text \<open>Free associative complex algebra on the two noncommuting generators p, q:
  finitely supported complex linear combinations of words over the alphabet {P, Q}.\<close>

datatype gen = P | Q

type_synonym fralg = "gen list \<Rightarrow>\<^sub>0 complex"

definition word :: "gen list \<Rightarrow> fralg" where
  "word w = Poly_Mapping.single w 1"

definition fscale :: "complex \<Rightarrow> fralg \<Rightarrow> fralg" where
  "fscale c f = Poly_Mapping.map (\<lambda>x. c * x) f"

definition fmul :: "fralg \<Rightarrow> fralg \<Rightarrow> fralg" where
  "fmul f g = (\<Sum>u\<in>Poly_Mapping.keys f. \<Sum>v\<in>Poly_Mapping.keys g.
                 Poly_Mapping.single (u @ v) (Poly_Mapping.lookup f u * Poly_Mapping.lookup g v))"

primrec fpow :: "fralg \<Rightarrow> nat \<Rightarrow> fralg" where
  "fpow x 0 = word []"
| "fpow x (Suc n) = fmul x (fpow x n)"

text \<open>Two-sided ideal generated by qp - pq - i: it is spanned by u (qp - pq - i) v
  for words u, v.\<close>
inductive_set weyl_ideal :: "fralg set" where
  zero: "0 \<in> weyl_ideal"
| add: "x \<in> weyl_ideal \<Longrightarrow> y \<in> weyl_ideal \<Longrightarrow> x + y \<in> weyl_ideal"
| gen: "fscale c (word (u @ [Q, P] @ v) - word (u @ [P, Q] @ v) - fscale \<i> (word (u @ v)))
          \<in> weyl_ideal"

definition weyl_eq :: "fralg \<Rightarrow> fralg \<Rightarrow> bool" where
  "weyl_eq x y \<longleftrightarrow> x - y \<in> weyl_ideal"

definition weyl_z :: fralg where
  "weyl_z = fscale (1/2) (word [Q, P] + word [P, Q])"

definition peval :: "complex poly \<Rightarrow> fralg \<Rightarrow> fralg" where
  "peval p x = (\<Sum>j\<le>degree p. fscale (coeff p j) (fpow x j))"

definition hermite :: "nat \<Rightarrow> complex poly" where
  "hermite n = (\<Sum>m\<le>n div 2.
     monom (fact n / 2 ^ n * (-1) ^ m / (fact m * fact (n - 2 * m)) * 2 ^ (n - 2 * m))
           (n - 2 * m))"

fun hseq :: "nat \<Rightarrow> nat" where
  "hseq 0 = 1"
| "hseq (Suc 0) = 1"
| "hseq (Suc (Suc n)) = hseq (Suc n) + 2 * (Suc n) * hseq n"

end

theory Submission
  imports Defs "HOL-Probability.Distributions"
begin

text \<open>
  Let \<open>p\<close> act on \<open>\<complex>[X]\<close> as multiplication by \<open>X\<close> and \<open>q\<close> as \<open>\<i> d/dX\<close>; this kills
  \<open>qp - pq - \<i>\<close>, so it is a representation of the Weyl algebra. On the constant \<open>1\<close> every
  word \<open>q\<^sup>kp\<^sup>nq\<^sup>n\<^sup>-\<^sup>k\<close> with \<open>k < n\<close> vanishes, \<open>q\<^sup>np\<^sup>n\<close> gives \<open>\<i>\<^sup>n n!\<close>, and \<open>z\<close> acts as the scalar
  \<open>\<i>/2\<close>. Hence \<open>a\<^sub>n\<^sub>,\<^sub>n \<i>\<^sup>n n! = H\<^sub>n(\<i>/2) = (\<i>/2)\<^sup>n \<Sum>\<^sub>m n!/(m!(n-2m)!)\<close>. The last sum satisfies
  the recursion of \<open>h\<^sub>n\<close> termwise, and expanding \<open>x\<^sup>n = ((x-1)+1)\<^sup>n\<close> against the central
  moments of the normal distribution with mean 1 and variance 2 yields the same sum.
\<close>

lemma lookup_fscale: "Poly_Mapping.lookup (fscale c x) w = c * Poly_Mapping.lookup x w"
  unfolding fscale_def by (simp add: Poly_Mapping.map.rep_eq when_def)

******

Using the data above, tally each line that has the string "fpow" and report only the sum.

4